Mandar has an interesting set of posts on convergence and divergence of infinite series. It made me recall a fascinating result I had come across once. It is not about an infinite series, though. But it is a very interesting sequence.

The sequence needs some explanation of a notation called *hereditary base-n notation*. Let me explain this with an example. Let us write the number 26 in its hereditary base-2 notation.
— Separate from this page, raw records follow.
lemma separating_partitions_insert_into_block:
  assumes P: "P \<in> separating_partitions R U k" and C: "C \<in> P"
    and U: "finite U" and x: "x \<notin> U" "x \<notin> R"
  shows "insert (insert x C) (P - {C}) \<in> separating_partitions R (insert x U) k"
    and "{x} \<notin> insert (insert x C) (P - {C})"
proof -
  have p: "partition_on U P" and c: "card P = k" and q: "separates R P"
    using P by (auto simp: separating_partitions_def)
  have fin: "finite P" using finite_elements[OF U p] .
  have nx: "x \<notin> B" if "B \<in> P" for B using partition_on_block(1)[OF p that] x by blast
  have dC: "disjnt C (\<Union>(P - {C}))" by (rule partition_on_disjnt_Diff[OF p C])
  have p': "partition_on (U - C) (P - {C})" and CU: "C \<subseteq> U" and Cne: "C \<noteq> {}"
    using partition_on_insert[OF dC, of U] p C by (auto simp: insert_absorb)
  have dxC: "disjnt (insert x C) (\<Union>(P - {C}))" using dC nx by (auto simp: disjnt_def)
  have "partition_on (insert x U) (insert (insert x C) (P - {C}))"
    using partition_on_insert[OF dxC, of "insert x U"] p' CU x
    by (simp add: insert_Diff_if) blast
  moreover have "card (insert (insert x C) (P - {C})) = k"
  proof -
    have "insert x C \<notin> P - {C}" using nx by auto
    then show ?thesis using fin c card_Suc_Diff1[OF fin C] by simp
  qed
  moreover have "separates R (insert (insert x C) (P - {C}))"
    using q C x(2) by (auto simp: separates_def)
  ultimately show "insert (insert x C) (P - {C}) \<in> separating_partitions R (insert x U) k"
    by (simp add: separating_partitions_def)
  show "{x} \<notin> insert (insert x C) (P - {C})" using nx[OF C] Cne nx by auto
qed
First we start by writing 26 as the sum of powers of 2.

26 = 2^{4} + 2^{3} + 2^{1}

Next, the powers are written as sums of powers of 2 as well.

So, 26 = 2^{22} + 2^{21 + 1 } + 2^{1}

Similarly, the hereditary base-3 notation of 1000 is the following.
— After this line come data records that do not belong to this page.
lemma qbar0_root:
  assumes "finite S" "S \<noteq> {}"
  shows "0 < qbar0 \<theta> S" "qbar0 \<theta> S < 1" "mass \<theta> S (qbar0 \<theta> S) = 1"
proof -
  define q0 where "q0 = 1 / (2 + (\<Sum>i\<in>S. exp (\<theta> i - 1)))"
  have exp_sum: "0 \<le> (\<Sum>i\<in>S. exp (\<theta> i - 1))" by (intro sum_nonneg) simp
  then have q0: "0 < q0" "q0 < 1" by (auto simp: q0_def)
  have "mass \<theta> S q0 \<le> q0 * (1 + (\<Sum>i\<in>S. exp (\<theta> i - 1)))"
    using sum_mono[of S "\<lambda>i. vq \<theta> i q0" "\<lambda>i. q0 * exp (\<theta> i - 1)"] V_le_self q0
    by (simp add: mass_def vq_def sum_distrib_left algebra_simps)
  also have "\<dots> < 1" using exp_sum by (simp add: q0_def field_simps)
  finally have "mass \<theta> S q0 < 1" .
  moreover have "1 < mass \<theta> S 1"
    using assms vq_bounds[of 1] by (simp add: mass_def sum_pos)
  moreover have "continuous_on {q0..1} (mass \<theta> S)"
    using q0 by (intro continuous_at_imp_continuous_on ballI DERIV_isCont[OF mass_has_real_derivative]) auto
  ultimately have "\<exists>q1. q0 \<le> q1 \<and> q1 \<le> 1 \<and> mass \<theta> S q1 = 1"
    using q0 by (intro IVT') auto
  then obtain q1 where q1: "q0 \<le> q1" "q1 \<le> 1" "mass \<theta> S q1 = 1" by blast
  with q0 \<open>1 < mass \<theta> S 1\<close> have q1_bounds: "0 < q1" "q1 < 1" by (auto simp: le_less)
  have root_iff: "0 < q \<and> q < 1 \<and> (\<Sum>i\<in>S. V (q * exp (\<theta> i - 1))) = 1 - q
      \<longleftrightarrow> 0 < q \<and> q < 1 \<and> mass \<theta> S q = 1" for q
    by (auto simp: mass_def vq_def)
  have "qbar0 \<theta> S = q1"
    unfolding qbar0_def if_not_P[OF assms(2)] root_iff
  proof (rule the_equality)
    show "0 < q1 \<and> q1 < 1 \<and> mass \<theta> S q1 = 1" using q1 q1_bounds by blast
    show "q = q1" if "0 < q \<and> q < 1 \<and> mass \<theta> S q = 1" for q
      using that q1 q1_bounds strict_mono_on_imp_inj_on[OF strict_mono_on_mass[OF assms(1)]]
      by (metis greaterThan_iff inj_onD)
  qed
  with q1 q1_bounds show "0 < qbar0 \<theta> S" "qbar0 \<theta> S < 1" "mass \<theta> S (qbar0 \<theta> S) = 1"
    by simp_all
qed

lemma mass_le_one:
  assumes "finite S" "0 < q" "q \<le> qbar0 \<theta> S"
  shows "mass \<theta> S q \<le> 1"
proof (cases "S = {}")
  case True
  then show ?thesis using assms by (simp add: mass_def qbar0_def)
next
  case False
  show ?thesis
    using qbar0_root[OF assms(1) False] assms
      strict_mono_on_less_eq[OF strict_mono_on_mass[OF assms(1)], of q "qbar0 \<theta> S" \<theta>]
    by auto
qed

lemma F_has_real_derivative:
  assumes "finite S" "0 < q"
  shows "(F \<theta> S has_real_derivative
           ((\<Sum>i\<in>S. w_fun (vq \<theta> i q) * (1 + vq \<theta> i q / (mass \<theta> S q)^2)) - 1 - 1 / mass \<theta> S q) / q)
         (at q)"
proof -
  define v where "v i = vq \<theta> i q" for i
  define T where "T = mass \<theta> S q"
  define T' where "T' = 1 + (\<Sum>i\<in>S. v i * (1 - w_fun (v i)) / q)"
  define W where "W = (\<Sum>i\<in>S. w_fun (v i))"
  define X where "X = (\<Sum>i\<in>S. v i * w_fun (v i))"
  have v: "0 < v i" "v i < 1" for i using vq_bounds[OF assms(2)] by (auto simp: v_def)
  have T: "T = q + (\<Sum>i\<in>S. v i)" by (simp add: T_def mass_def v_def)
  have "0 \<le> (\<Sum>i\<in>S. v i)" using v by (intro sum_nonneg) (simp add: less_imp_le)
  then have "0 < T" using T assms(2) by simp
  have frac: "((\<lambda>x. vq \<theta> i x / (1 - vq \<theta> i x)) has_real_derivative w_fun (v i) / q) (at q)" for i
  proof -
    define a where "a = v i * (1 - w_fun (v i)) / q"
    have "((\<lambda>x. vq \<theta> i x / (1 - vq \<theta> i x)) has_real_derivative
           (a * (1 - v i) - v i * (0 - a)) / ((1 - v i) * (1 - v i))) (at q)"
      unfolding a_def v_def
      by (intro DERIV_divide DERIV_diff DERIV_const vq_has_real_derivative assms(2))
        (use vq_bounds[OF assms(2), of \<theta> i] in simp)
    moreover have "(a * (1 - v i) - v i * (0 - a)) / ((1 - v i) * (1 - v i)) = a / (1 - v i)^2"
      by (simp add: algebra_simps power2_eq_square)
    moreover have "a / (1 - v i)^2 = w_fun (v i) / q"
      using v[of i] unfolding a_def one_minus_w_fun by (simp add: w_fun_def)
    ultimately show ?thesis by simp
  qed
  have mass': "(mass \<theta> S has_real_derivative T') (at q)"
    unfolding T'_def v_def by (rule mass_has_real_derivative[OF assms(2)])
  have "((\<lambda>x. (1 - mass \<theta> S x) / mass \<theta> S x) has_real_derivative
      ((0 - T') * T - (1 - T) * T') / (T * T)) (at q)"
    unfolding T_def using \<open>0 < T\<close> by (intro DERIV_divide DERIV_diff DERIV_const mass') (simp add: T_def)
  moreover have "((\<lambda>x. - ln x + (\<Sum>i\<in>S. vq \<theta> i x / (1 - vq \<theta> i x))) has_real_derivative
      - (1 / q) + W / q) (at q)"
    unfolding W_def sum_divide_distrib
    by (intro DERIV_add DERIV_minus DERIV_ln_divide DERIV_sum frac assms(2))
  ultimately have "(F \<theta> S has_real_derivative - (1 / q) + W / q + ((0 - T') * T - (1 - T) * T') / (T * T)) (at q)"
    unfolding F_def[abs_def] mass_def diff_diff_eq by (rule DERIV_add[rotated])
  moreover have "- (1 / q) + W / q + ((0 - T') * T - (1 - T) * T') / (T * T) = (W + X / T^2 - 1 - 1 / T) / q"
  proof -
    have "(\<Sum>i\<in>S. v i * (1 - w_fun (v i)) / q) = ((\<Sum>i\<in>S. v i) - X) / q"
      unfolding X_def sum_subtractf[symmetric] sum_divide_distrib by (simp add: right_diff_distrib)
    then have T'_eq: "T' = (T - X) / q" using assms(2) by (simp add: T'_def T field_simps)
    show ?thesis unfolding T'_eq using \<open>0 < T\<close> assms(2) by (simp add: field_simps power2_eq_square)
  qed
  moreover have "W + X / T^2 = (\<Sum>i\<in>S. w_fun (v i) * (1 + v i / T^2))"
    by (simp add: W_def X_def algebra_simps sum.distrib sum_divide_distrib)
  ultimately show ?thesis by (simp add: v_def T_def)
qed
1000 = 3^{6} + 3^{4} + 3^{3} + 1 = 3^{3 + 3 } + 3^{3 + 1} + 3^{3} + 1

Note that the bases and the powers cannot be bigger than *n. *Also, we can write the terms as a product of a base power *n* and a number smaller than *n*. For example – 26 can be written in hereditary base-3 notation as, 2.3^{2} + 2.3 + 2.

Now, let us take a number, say 26, and do the following:

- Take the number. Start with base, n = 2.
- Express number in hereditary-n notation
- The next number is formed by changing all the n’s to n+1’s. That is, “increase” the base of the sequence by 1. [n = n + 1]
- Subtract 1 from the above number and goto 2. [number = number – 1]

Let’s take an example. Let’s start with 4.

4 = 2^{2} (step 2)

3^{3} (step 3)

3^{3} – 1 = 26 (step 4) — Iteration 1

26 = 2.3^{2} + 2.3 + 2 (step 2)

2.4^{2} + 2.4 + 2 (step 3)

2.4^{2} + 2.4 + 2 – 1 = 41 (step 4) — Iteration 2

41 = 2.4^{2} + 2.4 + 1 (step 2)

2.5^{2} + 2.5 + 1 (step 3)

2.5^{2} + 2.5 + 1 – 1 = 60 (step 4) — Iteration 3

60 = 2.5^{2} + 2.5 (step 2)

2.6^{2} + 2.6 (step 3)

2.6^{2} + 2.6 – 1 = 83 (step 4) — Iteration 4

83 = 2.6^{2} + 6 + 5 (step 2)

2.7^{2} + 7 + 5 (step 3)

2.7^{2} + 7 + 5 – 1 = 109 (step 4) — Iteration 5

And so on. Now the question is, does this sequence converge (or terminate)? If it converges, what does it converge to? Or if you think it does not converge, explain why.

As always, people who already know this result may please defer commenting.